The price of Valio Milk Plus was set between 1,39-1,49 euros in the grocery stores. The price did not depend remarkably on the size of the store, e.g. the product had the same price in Kilo’s Siwa or Sello’s Prisma. This shows that the product price was not a central criterion for the purchase, but the other factors of the product. The pricing of this novelty uses Price Skimming, whereas basic milk pricing uses EDLP-pricing (Every Day Low Price) in retail business.

I also wondered whether it would have been reasonable to use aggressive pricing in the launch and then increase the price later on to a slightly higher level (Penetration Pricing). I ended up in the result that for Valio, as a market leader, this choice would not have been reasonable. One option would have been premium-pricing. The price of the product would have been remarkably more expensive than the peer products (see table). I think that with the package solutions made (type, size etc.), premium-pricing would have been wrong. Based on the properties of the product, premium-pricing would have been possible, because the product value for the consumer is high (Value Proposition). Below are some comments on webpage

ticotaco 25/8/2010: This new thing from Valio is absolutely great. There is 1,5 times more protein compared to normal milk and the amount of D-vitamin and calcium has been increased i.e. you get 10 g of protein of one glass (2 dl) I don’t know about the price, how much it is…

Kaapeli 26/8/2010: I bought also that from Sittari for 1,39e today. Even 50 grams of protein per carton and in addition, D-vitamins are such a good package, that I think I’ll try to start drinking milk. I don’t think it will become more expensive than having cottage cheese, sour milk and yoghurt.

Nightkin 27/8/2010: The price is quite relative. For someone who works, that price makes no difference and the liquid can have its own position, but it has a bigger effect e.g. in a student wallet.
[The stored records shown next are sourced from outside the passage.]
lemma ricci_flow_S1S3_min_abc_min_on_period:
  assumes flow: "ricci_flow_S1S3 T \<phi> a b c" and "0 \<le> t" "t < T"
    and is_min: "\<And>y. y \<in> {0..2 * pi} \<Longrightarrow> min_abc a b c (z, t) \<le> min_abc a b c (y, t)"
  shows "min_abc a b c (z, t) \<le> min_abc a b c (y, t)"
proof -
  obtain y' where y': "y' \<in> {0..2 * pi}" "min_abc a b c (y', t) = min_abc a b c (y, t)"
    using periodic_eq_on_period_interval[of "\<lambda>x. min_abc a b c (x, t)" "2 * pi"]
      ricci_flow_S1S3_min_abc_periodic[OF flow \<open>0 \<le> t\<close> \<open>t < T\<close>] by auto
  from is_min[OF y'(1)] y'(2) show ?thesis by simp
qed

lemma ricci_flow_S1S3_min_abc_at_spatial_min:
  assumes flow: "ricci_flow_S1S3 T \<phi> a b c" and "0 < t" "t < T"
    and is_min: "\<And>y. y \<in> {0..2 * pi} \<Longrightarrow> min_abc a b c (z, t) \<le> min_abc a b c (y, t)"
  obtains f where "f \<in> {a, b, c}" "f (z, t) = min_abc a b c (z, t)" "- 2 \<le> f (z, t) * dt f (z, t)"
proof -
  obtain f X where f: "f \<in> {a, b, c}" "f (z, t) = min_abc a b c (z, t)"
    and pde: "ds \<phi> (ds \<phi> f) (z, t) + ds \<phi> f (z, t) * X - 2 / f (z, t) \<le> dt f (z, t)"
    using ricci_flow_S1S3_min_component[OF flow \<open>0 < t\<close> \<open>t < T\<close>] by blast
  have "open (UNIV \<times> {0<..<T})"
    by (simp add: open_Times)
  have smooth_f: "smooth2_on (UNIV \<times> {0<..<T}) f" and smooth_\<phi>: "smooth2_on (UNIV \<times> {0<..<T}) \<phi>"
    using f(1) by (auto intro: ricci_flow_S1S3_smooth_interior[OF flow])
  have "f (z, t) \<le> f (y, t)" for y
    using ricci_flow_S1S3_min_abc_min_on_period[OF flow less_imp_le[OF \<open>0 < t\<close>] \<open>t < T\<close> is_min, of y] f
    unfolding min_abc_def by auto
  moreover have "0 < \<phi> (z, t)" "0 < f (z, t)"
    using ricci_flow_S1S3_component(3)[OF flow] f(1) \<open>0 < t\<close> \<open>t < T\<close> by auto
  ultimately have "ds \<phi> f (z, t) = 0" "0 \<le> ds \<phi> (ds \<phi> f) (z, t)"
    using ds_at_spatial_min[OF smooth_f smooth_\<phi> \<open>open (UNIV \<times> {0<..<T})\<close>] \<open>0 < t\<close> \<open>t < T\<close>
    by auto
  with pde have "- 2 / f (z, t) \<le> dt f (z, t)"
    by simp
  then have "- 2 / f (z, t) * f (z, t) \<le> dt f (z, t) * f (z, t)"
    using \<open>0 < f (z, t)\<close> by (intro mult_right_mono) auto
  with \<open>0 < f (z, t)\<close> have "- 2 \<le> f (z, t) * dt f (z, t)"
    by (simp add: mult.commute)
  with f show thesis by (rule that)
qed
On the other hand just what Force said there; the same Valio’s stuff can be bought as Milbona or as a Swedish Arla for half the price,, when you can also choose the calorie amount. There’s so little D-vitamin there, although its amount is ten times higher.

This product was very well priced, because it provides additional value for the store and for Valio. Valio Milk Plus (1,42 euros) is approx. 70 % more expensive than Valio’s fat free basic milk (0,85 euros) and the competitor’s corresponding Swedish fat free basic milk is nearly 120 % more expensive (0,65 euros). The thing I wondered the most in the product pricing was the positioning of the price in comparison with the peer products (see table). It was set on a lower level than organic- and lactose free milk, although the value promise for the consumer (health and wellbeing) is high. Because pricing in this evaluation is only a part of the 4P model, regarding the choices that were made (the other P:s),the pricing was traditional, but quite exemplary. However, it did not produce any surprises, either.

One general observation in the grocery stores was that the category pricing of milk products uses different pricing methods quite concisely. The price is either very low or relatively high. When pricing milk and other products, it shall be taken into consideration that the final consumer price decisions are made in the store, on which the supplier influences with his own sales price. The final consumer price depends on the margin target of the product which is set by the store, which may be low e.g. in the loss leader products, such as basic milk. The objective of the store is not necessarily to optimize the profitability of the product, but customer loyalty and basket profitability.

As a conclusion I believe in the success of the product launch and that the product will remain in the store selection for a long time. This product and other similar products with additional values can effect on the consumers’ purchase behavior on its own behalf, so that they will move from basic milk towards milk products which produce additional value.